Here's a case where the output of SET MODE DIAGNOSTIC is pretty clear. Try this with a newer and older version.
set mode diagnostic
set mem/siz=10
use a.nc
load a[l=@ave]
Comment by steven.c.hankin on 18 May 2017 16:21 UTC Ansley nailed the principle here. If you offer the new Ferret memory management enough room to perform the calculation by splitting along a slower axis, it will utilize that option. The algorithms do not strive for minimum memory usage; they strive to complete the requested operation in the most efficient manner possible.
If you want to experiment with this, try the same command repeatedly with diagnostic mode on, offering successively smaller memory.
Comment by @AndrewWittenberg on 18 May 2017 16:51 UTC I see -- so for my previous example, it was entirely an improvement in efficiency, not capacity.
Then an example of improved capacity would be if we were to transform along all axes. So while the following failed in earlier versions:
NOAA/PMEL TMAP
FERRET v6.9
Linux 2.6.32-431.5.1.el6.x86_64 64-bit - 04/03/14
18-May-17 12:41
yes? set mem/size=10
Cached data cleared from memory
yes? use a.nc
yes? load a[x=@ave,y=@ave,t=@ave]
**ERROR: request exceeds memory setting: 100 Mwords were requested.
*** NOTE: You can use SET MEMORY/SIZE=xxx to increase memory.
*** NOTE: The "Memory use" section of the FERRET Users Guide has further tips.
it succeeds in the new version:
NOAA/PMEL TMAP
FERRET v7.12 (optimized)
Linux 2.6.32-696.1.1.el6.x86_64 64-bit - 05/16/17
18-May-17 12:41
yes? set mem/size=10
yes? use a.nc
yes? load a[x=@ave,y=@ave,t=@ave]
Note that we can't do the following though:
NOAA/PMEL TMAP
FERRET v7.12 (optimized)
Linux 2.6.32-696.1.1.el6.x86_64 64-bit - 05/16/17
18-May-17 12:44
yes? set mem/size=10
yes? let a = x[gx=1:1000:1] + y[gy=1:1000:1] + t[gt=1:100:1]
yes? load a[x=@ave,y=@ave,t=@ave]
**ERROR: request exceeds memory setting
To fulfill this request would exceed the current SET MEMORY/SIZE= limit of 10 megawords
At the moment that the memory limit was reached
memory was committed as follows:
- to objects used in computation: : 1000100 (10%)
The size of the requested object was: : 100000000 (1000%)
Comment by steven.c.hankin on 18 May 2017 17:19 UTC With SET MEMORY/SIZE=xxx we are telling Ferret "xxx is the amount of memory that we'd like you to use", rather than "use as little memory as possible, but under no circumstance exceed xxx"
I'm going to step back from the discussion a little now, because my time is running short and I'm trying to finish something up, but on the example below I'd add this bit of information/insight:
I recall that in the algorithm of SETUP_GATHER i only carried its optimization logic out to two axes -- not three.
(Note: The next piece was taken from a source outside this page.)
(* Let $(Q,\le_Q)$ be a non-empty quasi-order. The map $f:\mathsf{T_f}(Q)\to i^F_{\omega^\omega}(Q)$ is an order-embedding: for all $\sigma,\tau\in\mathsf{T_f}(Q)$, $\sigma\le_T\tau$ iff $f(\sigma)\preceq f(\tau)$.
   Context: Trees: $\mathsf{T_f}(Q)$ is the smallest class containing the leaf $\cdot q$ for each $q\in Q$, and containing $\cdot(\tau_0,\dots,\tau_{k-1})$ (an unlabelled root whose children are the $\tau_i$) for every finite set $\{\tau_0,\dots,\tau_{k-1}\}\subseteq\mathsf{T_f}(Q)$ with $k\ge1$. Its order $\le_T$ is defined recursively: - $\cdot x\le_T\cdot y$ iff $x\le_Q y$; - $\cdot x\le_T\cdot(\tau_j)_{j<l}$ iff $\cdot x\le_T\tau_j$ for some $j$; - $\cdot(\sigma_i)_{i<k}\le_T\cdot(\tau_j)_{j<l}$ iff every $\sigma_i$ is $\le_T$ some $\tau_j$; - a non-leaf tree is never $\le_T$ a leaf. Sequences: a transfinite sequence over $Q$ of length $\alpha$ (with $\alpha\ne0$) is a function $\sigma:\alpha\to Q$. Define $\sigma\preceq\tau$ if there is a strictly increasing $f:|\sigma|\to|\tau|$ with $\sigma(i)\le_Q\tau(f(i))$ for all $i$. The concatenation $\sigma+\tau$ places a copy of $\tau$ after $\sigma$. The sequence $\rho^\omega$ has length $|\rho|\cdot\omega$ and value $\rho^\omega(|\rho|\cdot\delta+\iota)=\rho(\iota)$ for $\delta<\omega$ and $\iota<|\rho|$. The sequence $\sigma$ is indecomposable if it embeds into each of its proper tails $i\mapsto\sigma(\delta+i)$, $0<\delta<|\sigma|$. $i^F_{\omega^\omega}(Q)$ is the set of indecomposable sequences over $Q$ with finite range and length $<\omega^\omega$, ordered by $\preceq$. The map $f$ is defined recursively: - $f(\cdot q)=\langle q\rangle$, the length-one sequence; - $f(\cdot(\tau_0,\dots,\tau_{k-1}))=(f(\tau_0)+f(\tau_1)+\cdots+f(\tau_{k-1}))^\omega$. A tree of height $n$ is sent to a sequence of length $\omega^n$ whose range is the set of leaf labels, so $f$ indeed lands in $i^F_{\omega^\omega}(Q)$. *)

theory Defs
  imports Main
begin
I think what I did in that situation was to choose the longest two axes ... but I may be remembering wrong; maybe it was the slowest two axes of length gt 1. In any case, the third axis is not ignored -- 3- axis splitting can still occur -- it's just that I didn't try to find the optimal strategy in a 3-axis analysis. It just got too complicated. But it could be done ...
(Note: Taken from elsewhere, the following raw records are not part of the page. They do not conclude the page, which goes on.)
text \<open>Let \<open>S\<close> be a maximal \<open>\<epsilon>/2\<close>-separated subset of \<open>\<MM>\<close>. The balls of radius \<open>\<epsilon>/4\<close>
  around its points are disjoint and each carries \<open>\<nu>\<close>-mass at least \<open>V (\<epsilon>/4)\<^sup>b\<close>, while
  \<open>\<kappa> \<nu>(\<MM>) \<le> 1\<close>; hence \<open>|S| \<le> 4\<^sup>b / (\<kappa> \<epsilon>\<^sup>b V)\<close>, and by maximality \<open>S\<close> is an \<open>\<epsilon>/2\<close>-net
  of \<open>\<MM>\<close>. Since the chain stays in \<open>\<MM>\<close> almost surely, \<open>d\<^sub>H(\<XX>\<^sub>n, \<MM>) > \<epsilon>\<close> forces
  some ball \<open>B(s, \<epsilon>/2)\<close>, \<open>s \<in> S\<close>, to be missed by \<open>X\<^sub>1, \<dots>, X\<^sub>n\<close>. The minorization
  \<open>K(x, B) \<ge> \<kappa> \<nu>(B \<inter> \<MM>) \<ge> \<kappa> V (\<epsilon>/2)\<^sup>b\<close> and the Markov property bound each such miss
  by \<open>(1 - \<kappa> \<epsilon>\<^sup>b V / 2\<^sup>b)\<^sup>n\<close>; a union bound over \<open>S\<close> gives the estimate, and
  \<open>1 - q \<le> e\<^sup>-\<^sup>q\<close> turns it into the threshold \<open>n\<^sub>0\<close>.\<close>

lemma hausdorff_dist_le_iff:
  fixes A M :: "'a::heine_borel set"
  assumes "finite A" "A \<noteq> {}" "bounded M" "M \<noteq> {}"
  shows "hausdorff_dist A M \<le> e \<longleftrightarrow>
     (\<forall>a\<in>A. infdist a M \<le> e) \<and> (\<forall>x\<in>M. \<exists>a\<in>A. dist x a \<le> e)"
proof -
  have eq: "hausdorff_dist A M = max (SUP a\<in>A. infdist a M) (SUP x\<in>M. infdist x A)"
    unfolding hausdorff_dist_def infdist_def using assms by simp
  have bdd_A: "bdd_above ((\<lambda>a. infdist a M) ` A)"
    using assms(1) by simp
  obtain a0 where a0: "a0 \<in> A"
    using assms by auto
  obtain c R where R: "\<And>x. x \<in> M \<Longrightarrow> dist c x \<le> R"
    using assms(3) unfolding bounded_def by auto
  have bdd_M: "bdd_above ((\<lambda>x. infdist x A) ` M)"
  proof (rule bdd_aboveI2)
    fix x assume "x \<in> M"
    have "infdist x A \<le> dist x a0"
      using a0 by (rule infdist_le)
    also have "\<dots> \<le> R + dist c a0"
      using dist_triangle3[of x a0 c] R[OF \<open>x \<in> M\<close>] by linarith
    finally show "infdist x A \<le> R + dist c a0" .
  qed
  have infdist_A: "infdist x A \<le> e \<longleftrightarrow> (\<exists>a\<in>A. dist x a \<le> e)" for x
  proof -
    obtain a where "a \<in> A" "infdist x A = dist x a"
      using infdist_attains_inf[of A x] assms(1,2) finite_imp_closed by blast
    then show ?thesis
      using infdist_le2 by fastforce
  qed
  show ?thesis
    unfolding eq max.bounded_iff
    using cSUP_le_iff[OF _ bdd_A, of e] cSUP_le_iff[OF _ bdd_M, of e] assms infdist_A by auto
qed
I'm reluctant to be giving you off-the-cuff, hurried answers, because I know you are a very careful thinker ... I may be missing your point. But here goes anyway ... In your final example -- where the failure occurs for "a" as a LET definition, there is no way for Ferret to succeed given its internal machinery. The definition of "a" is a product of 3 fixed-length arrays -- 1000x1000x100 - = 100 Megawords. It looks to me like this particular "a" cannot be created except by having it fully instantiated. I think (until you prove me wrong ) that if you defined an actual T axis of the same length, the memory management might be able to kick in:
define axis/t=1:10000:1 tax ! doesn't matter how long
let a = x[gx=1:1000:1] + y[gy=1:1000:1] + t[gt=tax]
load a[l=1:100@ave]
In this form the XY footprint is fixed (1000x1000), but the T indexing is free for Ferret to play with.
Comment by @AndrewWittenberg on 18 May 2017 17:44 UTC (No need to respond if you're busy -- this isn't urgent at all.)
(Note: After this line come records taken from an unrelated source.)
(* Let $M$ be a finite monoid. (i) Every filtered left $M$-set $A$ is cyclic, i.e. there is $c\in A$ with $A=Mc$; in particular $|A|\le |M|$. (ii) The set $\mathsf F_M$ of isomorphism classes of filtered left $M$-sets (equivalently, of points of the topos of right $M$-sets) is finite.
   Context: A left $M$-set $A$ is filtered if the functor $(-)\otimes_M A$ from right $M$-sets to sets preserves finite limits; equivalently: (F1) $A\neq\emptyset$; (F2) if $m_1,m_2\in M$, $a\in A$ and $m_1a=m_2a$, then there are $m\in M$, $\tilde a\in A$ with $m\tilde a=a$ and $m_1m=m_2m$; (F3) for $a_1,a_2\in A$ there are $m_1,m_2\in M$, $a\in A$ with $m_1a=a_1$, $m_2a=a_2$. *)

theory Defs
  imports Main
begin

definition left_mset :: "'a set \<Rightarrow> ('m::monoid_mult \<Rightarrow> 'a \<Rightarrow> 'a) \<Rightarrow> bool" where
  "left_mset A act \<longleftrightarrow>
     (\<forall>m. \<forall>a\<in>A. act m a \<in> A) \<and>
     (\<forall>a\<in>A. act 1 a = a) \<and>
     (\<forall>m n. \<forall>a\<in>A. act (m * n) a = act m (act n a))"

definition filtered_mset :: "'a set \<Rightarrow> ('m::monoid_mult \<Rightarrow> 'a \<Rightarrow> 'a) \<Rightarrow> bool" where
  "filtered_mset A act \<longleftrightarrow>
     left_mset A act \<and>
     A \<noteq> {} \<and>
     (\<forall>m1 m2. \<forall>a\<in>A. act m1 a = act m2 a \<longrightarrow>
        (\<exists>m. \<exists>a'\<in>A. act m a' = a \<and> m1 * m = m2 * m)) \<and>
     (\<forall>a1\<in>A. \<forall>a2\<in>A. \<exists>m1 m2. \<exists>a\<in>A. act m1 a = a1 \<and> act m2 a = a2)"

definition mset_iso :: "'a set \<Rightarrow> ('m::monoid_mult \<Rightarrow> 'a \<Rightarrow> 'a) \<Rightarrow> 'b set \<Rightarrow> ('m \<Rightarrow> 'b \<Rightarrow> 'b) \<Rightarrow> bool" where
  "mset_iso A act B act' \<longleftrightarrow>
     (\<exists>f. bij_betw f A B \<and> (\<forall>m. \<forall>a\<in>A. f (act m a) = act' m (f a)))"

end

theory Submission
  imports Defs
begin

text \<open>Choose c in a filtered M-set A whose orbit Mc is as large as possible. For any a \<in> A,
  (F3) yields d with c and a both in Md, so Mc \<subseteq> Md, hence Mc = Md by maximality, and
  a \<in> Mc. A cyclic M-set Mc is isomorphic to the quotient of M by the kernel relation of
  m \<mapsto> mc, so up to isomorphism it is determined by a relation on the finite set M.\<close>

abbreviation orbit :: "('m \<Rightarrow> 'a \<Rightarrow> 'a) \<Rightarrow> 'a \<Rightarrow> 'a set" where
  "orbit act c \<equiv> range (\<lambda>m. act m c)"

lemma left_msetD:
  assumes "left_mset A act" and "a \<in> A"
  shows left_mset_closed: "act m a \<in> A"
    and left_mset_one: "act 1 a = a"
    and left_mset_mult: "act (m * n) a = act m (act n a)"
  using assms unfolding left_mset_def by auto

lemma orbit_subset_carrier:
  "left_mset A act \<Longrightarrow> c \<in> A \<Longrightarrow> orbit act c \<subseteq> A"
  by (auto intro: left_mset_closed)

lemma orbit_subset_orbit:
  assumes "left_mset A act" and "d \<in> A" and "c \<in> orbit act d"
  shows "orbit act c \<subseteq> orbit act d"
proof
  fix x assume "x \<in> orbit act c"
  then obtain m where "x = act m c" by blast
  moreover obtain k where "c = act k d" using assms(3) by blast
  ultimately have "x = act (m * k) d" using left_mset_mult[OF assms(1,2)] by simp
  then show "x \<in> orbit act d" by blast
qed

lemma finite_orbit:
  "finite (UNIV :: 'm set) \<Longrightarrow> finite (orbit (act :: 'm \<Rightarrow> 'a \<Rightarrow> 'a) c)"
  by simp

lemma card_orbit_le:
  "finite (UNIV :: 'm set) \<Longrightarrow> card (orbit (act :: 'm \<Rightarrow> 'a \<Rightarrow> 'a) c) \<le> card (UNIV :: 'm set)"
  by (rule card_image_le)

lemma filtered_msetD:
  assumes "filtered_mset A act"
  shows filtered_mset_left_mset: "left_mset A act"
    and filtered_mset_nonempty: "A \<noteq> {}"
    and filtered_mset_equalizer: "\<lbrakk>a \<in> A; act m1 a = act m2 a\<rbrakk>
      \<Longrightarrow> \<exists>m. \<exists>a'\<in>A. act m a' = a \<and> m1 * m = m2 * m"
    and filtered_mset_cone: "\<lbrakk>a1 \<in> A; a2 \<in> A\<rbrakk>
      \<Longrightarrow> \<exists>m1 m2. \<exists>a\<in>A. act m1 a = a1 \<and> act m2 a = a2"
  using assms unfolding filtered_mset_def by blast+

lemma filtered_msetI:
  assumes "left_mset A act" and "A \<noteq> {}"
    and "\<And>m1 m2 a. \<lbrakk>a \<in> A; act m1 a = act m2 a\<rbrakk>
      \<Longrightarrow> \<exists>m. \<exists>a'\<in>A. act m a' = a \<and> m1 * m = m2 * m"
    and "\<And>a1 a2. \<lbrakk>a1 \<in> A; a2 \<in> A\<rbrakk>
      \<Longrightarrow> \<exists>m1 m2. \<exists>a\<in>A. act m1 a = a1 \<and> act m2 a = a2"
  shows "filtered_mset A act"
  unfolding filtered_mset_def using assms by blast

lemma filtered_mset_cyclic:
  fixes act :: "'m::monoid_mult \<Rightarrow> 'a \<Rightarrow> 'a"
  assumes finM: "finite (UNIV :: 'm set)" and F: "filtered_mset A act"
  shows "\<exists>c\<in>A. A = orbit act c"
proof -
  note L = filtered_mset_left_mset[OF F]
  obtain a0 where "a0 \<in> A" using filtered_mset_nonempty[OF F] by blast
  have "\<forall>d. d \<in> A \<longrightarrow> card (orbit act d) < Suc (card (UNIV :: 'm set))"
    using card_orbit_le[OF finM, of act] by (simp add: less_Suc_eq_le)
  then obtain c where c: "c \<in> A"
    and cmax: "\<And>d. d \<in> A \<Longrightarrow> card (orbit act d) \<le> card (orbit act c)"
    using Lattices_Big.ex_has_greatest_nat[of "\<lambda>d. d \<in> A" a0 "\<lambda>d. card (orbit act d)"]
      \<open>a0 \<in> A\<close> by blast
  have "A \<subseteq> orbit act c"
  proof
    fix a assume "a \<in> A"
    then obtain m1 m2 d where d: "d \<in> A" "act m1 d = c" "act m2 d = a"
      using filtered_mset_cone[OF F c] by blast
    have "c \<in> orbit act d" using d(2) by blast
    then have "orbit act c \<subseteq> orbit act d" by (rule orbit_subset_orbit[OF L d(1)])
    then have "orbit act c = orbit act d"
      using card_seteq[OF finite_orbit[OF finM, of act d]] cmax[OF d(1)] by blast
    then show "a \<in> orbit act c" using d(3) by blast
  qed
  then show ?thesis using c orbit_subset_carrier[OF L c] by blast
qed

lemma left_mset_transfer:
  assumes L: "left_mset A act" and BA: "B = f ` A"
    and eq: "\<And>m a. a \<in> A \<Longrightarrow> f (act m a) = bct m (f a)"
  shows "left_mset B bct"
  unfolding left_mset_def BA
proof (intro conjI ballI allI)
  fix m x assume "x \<in> f ` A"
  then obtain a where a: "a \<in> A" "x = f a" by blast
  then show "bct m x \<in> f ` A" using eq left_mset_closed[OF L] by (metis imageI)
  show "bct 1 x = x" using a eq left_mset_one[OF L] by metis
  fix n
  have "bct (m * n) x = f (act (m * n) a)" using a eq by simp
  also have "\<dots> = f (act m (act n a))" using left_mset_mult[OF L a(1)] by simp
  also have "\<dots> = bct m (bct n x)" using a eq left_mset_closed[OF L] by simp
  finally show "bct (m * n) x = bct m (bct n x)" .
qed

lemma filtered_mset_iso:
  assumes F: "filtered_mset A act" and iso: "mset_iso A act B bct"
  shows "filtered_mset B bct"
proof -
  obtain f where bij: "bij_betw f A B" and eq: "\<And>m a. a \<in> A \<Longrightarrow> f (act m a) = bct m (f a)"
    using iso unfolding mset_iso_def by blast
  have BA: "B = f ` A" and inj: "inj_on f A" using bij by (auto simp: bij_betw_def)
  note L = filtered_mset_left_mset[OF F]
  show ?thesis
  proof (rule filtered_msetI)
    show "left_mset B bct" using L BA eq by (rule left_mset_transfer)
    show "B \<noteq> {}" using filtered_mset_nonempty[OF F] BA by blast
  next
    fix m1 m2 x assume "x \<in> B" and e: "bct m1 x = bct m2 x"
    then obtain a where a: "a \<in> A" "x = f a" using BA by blast
    then have "f (act m1 a) = f (act m2 a)" using e eq by simp
    then have "act m1 a = act m2 a"
      using inj left_mset_closed[OF L a(1)] by (meson inj_onD)
    then obtain m a' where a': "a' \<in> A" "act m a' = a" "m1 * m = m2 * m"
      using filtered_mset_equalizer[OF F a(1)] by blast
    then have "f a' \<in> B" "bct m (f a') = x" using a eq BA by auto
    then show "\<exists>m. \<exists>x'\<in>B. bct m x' = x \<and> m1 * m = m2 * m" using a'(3) by blast
  next
    fix x1 x2 assume "x1 \<in> B" "x2 \<in> B"
    then obtain a1 a2 where a: "a1 \<in> A" "x1 = f a1" "a2 \<in> A" "x2 = f a2"
      using BA by blast
    then obtain m1 m2 a where "a \<in> A" "act m1 a = a1" "act m2 a = a2"
      using filtered_mset_cone[OF F] by blast
    then have "f a \<in> B" "bct m1 (f a) = x1" "bct m2 (f a) = x2" using a eq BA by auto
    then show "\<exists>m1 m2. \<exists>x\<in>B. bct m1 x = x1 \<and> bct m2 x = x2" by blast
  qed
qed

definition orbit_kernel :: "('m \<Rightarrow> 'a \<Rightarrow> 'a) \<Rightarrow> 'a \<Rightarrow> ('m \<times> 'm) set" where
  "orbit_kernel act c = {(n, m). act n c = act m c}"

text \<open>The quotient of M by the classes of a relation R makes sense for an arbitrary R on M,
  which is what makes the family of all such quotients finite.\<close>

definition quotient_carrier :: "('m \<times> 'm) set \<Rightarrow> 'm set set" where
  "quotient_carrier R = range (\<lambda>m. {n. (n, m) \<in> R})"

definition quotient_act :: "('m::monoid_mult \<times> 'm) set \<Rightarrow> 'm \<Rightarrow> 'm set \<Rightarrow> 'm set" where
  "quotient_act R k X = {n. \<exists>m\<in>X. (n, k * m) \<in> R}"

lemma cyclic_mset_iso_quotient:
  fixes act :: "'m::monoid_mult \<Rightarrow> 'a \<Rightarrow> 'a"
  assumes L: "left_mset A act" and c: "c \<in> A" and Ac: "A = orbit act c"
  shows "mset_iso A act (quotient_carrier (orbit_kernel act c)) (quotient_act (orbit_kernel act c))"
proof -
  define f where "f a = {n. act n c = a}" for a
  have "inj_on f A"
  proof (rule inj_onI)
    fix a b assume "a \<in> A" "f a = f b"
    then obtain m where "a = act m c" using Ac by blast
    then show "a = b" using \<open>f a = f b\<close> unfolding f_def by blast
  qed
  moreover have "f ` A = quotient_carrier (orbit_kernel act c)"
    unfolding quotient_carrier_def Ac orbit_kernel_def f_def by (auto simp: image_image)
  moreover have "f (act k a) = quotient_act (orbit_kernel act c) k (f a)" if a: "a \<in> A" for k a
  proof -
    obtain m where "a = act m c" using a Ac by blast
    then show ?thesis
      unfolding f_def quotient_act_def orbit_kernel_def using left_mset_mult[OF L c] by auto
  qed
  ultimately show ?thesis unfolding mset_iso_def bij_betw_def by blast
qed

lemma filtered_mset_iso_quotient:
  fixes act :: "'m::monoid_mult \<Rightarrow> 'a \<Rightarrow> 'a"
  assumes finM: "finite (UNIV :: 'm set)" and F: "filtered_mset A act"
  shows "\<exists>R. filtered_mset (quotient_carrier R) (quotient_act R)
           \<and> mset_iso A act (quotient_carrier R) (quotient_act R)"
proof -
  obtain c where "c \<in> A" "A = orbit act c" using filtered_mset_cyclic[OF finM F] by blast
  then have "mset_iso A act (quotient_carrier (orbit_kernel act c)) (quotient_act (orbit_kernel act c))"
    by (rule cyclic_mset_iso_quotient[OF filtered_mset_left_mset[OF F]])
  then show ?thesis using filtered_mset_iso[OF F] by blast
qed

theorem theorem3p5:
  fixes A :: "'a set" and act :: "'m::monoid_mult \<Rightarrow> 'a \<Rightarrow> 'a"
  assumes finM: "finite (UNIV :: 'm set)"
  shows "(filtered_mset A act \<longrightarrow>
            (\<exists>c\<in>A. A = (\<lambda>m. act m c) ` UNIV) \<and> finite A \<and> card A \<le> card (UNIV :: 'm set))
       \<and> (\<exists>F :: ((('m set) set) \<times> ('m \<Rightarrow> 'm set \<Rightarrow> 'm set)) set.
            finite F \<and> (\<forall>(B, bct)\<in>F. filtered_mset B bct) \<and>
            (\<forall>(A' :: 'a set) (act' :: 'm \<Rightarrow> 'a \<Rightarrow> 'a). filtered_mset A' act' \<longrightarrow>
               (\<exists>(B, bct)\<in>F. mset_iso A' act' B bct)))"
proof (intro conjI impI)
  assume "filtered_mset A act"
  then obtain c where "c \<in> A" "A = orbit act c" using filtered_mset_cyclic[OF finM] by blast
  then show "\<exists>c\<in>A. A = orbit act c" by blast
  show "finite A" "card A \<le> card (UNIV :: 'm set)"
    using finite_orbit[OF finM] card_orbit_le[OF finM] \<open>A = orbit act c\<close> by simp_all
next
  let ?F = "(\<lambda>R. (quotient_carrier R, quotient_act R)) `
              {R :: ('m \<times> 'm) set. filtered_mset (quotient_carrier R) (quotient_act R)}"
  have "finite (UNIV :: ('m \<times> 'm) set set)" using finM by (simp add: Finite_Set.finite_set finite_prod)
  then have "finite ?F" by (rule finite_imageI[OF finite_subset[OF subset_UNIV]])
  moreover have "\<forall>(B, bct)\<in>?F. filtered_mset B bct" by auto
  moreover have "\<exists>(B, bct)\<in>?F. mset_iso A' act' B bct"
    if "filtered_mset A' act'" for A' :: "'a set" and act' :: "'m \<Rightarrow> 'a \<Rightarrow> 'a"
    using filtered_mset_iso_quotient[OF finM that] by blast
  ultimately show "\<exists>F :: ((('m set) set) \<times> ('m \<Rightarrow> 'm set \<Rightarrow> 'm set)) set.
            finite F \<and> (\<forall>(B, bct)\<in>F. filtered_mset B bct) \<and>
            (\<forall>(A' :: 'a set) (act' :: 'm \<Rightarrow> 'a \<Rightarrow> 'a). filtered_mset A' act' \<longrightarrow>
               (\<exists>(B, bct)\<in>F. mset_iso A' act' B bct))" by blast
qed

end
Thanks Steve, that was on the right track. It works if ALL of the axes are fixed axes:
NOAA/PMEL TMAP
FERRET v7.12 (optimized)
Linux 2.6.32-696.1.1.el6.x86_64 64-bit - 05/16/17
18-May-17 13:25
yes? set mem/size=10
yes? define axis/x=1:1000:1 xax
yes? define axis/y=1:1000:1 yax
yes? define axis/t=1:100:1 tax
yes? let a = x[gx=xax] + y[gy=yax] + t[gt=tax]
yes? load a[x=@ave,y=@ave,t=@ave]
Earlier Ferret versions run out of memory for that example.
Note that it doesn't work if any of the axes are dynamic, as in your original suggestion:
NOAA/PMEL TMAP
FERRET v7.12 (optimized)
Linux 2.6.32-696.1.1.el6.x86_64 64-bit - 05/16/17
18-May-17 13:38
yes? set mem/size=10
yes? define axis/x=1:1000:1 xax
yes? define axis/t=1:100:1 tax
yes? let a = x[gx=xax] + y[gy=1:1000:1] + t[gt=tax]
yes? load a[x=@ave,y=@ave,t=@ave]
**ERROR: request exceeds memory setting
To fulfill this request would exceed the current SET MEMORY/SIZE= limit of 10 megawords
At the moment that the memory limit was reached
memory was committed as follows:
- to objects used in computation: : 1000100 (10%)
The size of the requested object was: : 100000000 (1000%)
Reported by @AndrewWittenberg on 18 May 2017 00:06 UTC I'm having trouble with the example on page 4 of the dynamic memory management notes at:
https://docs.google.com/document/d/1DiFRaxGYJ2p-HgKYn8w9jNOAj0E9Jdj6wZjjVihTZSw
First create a file containing 1e8 (double precision) numbers:
Then compute a time average:
Why is the cache 7 Mw, when the result should be only 2 Mw (1e6 double-precision numbers)?
And in an older version of Ferret (say, 6.9) without the dynamic splitting, I get:
I thought the old version would've tried to load the whole 200 Mw of data into the 10 Mw of memory, to compute the 2 Mw result. So why was no error issued there?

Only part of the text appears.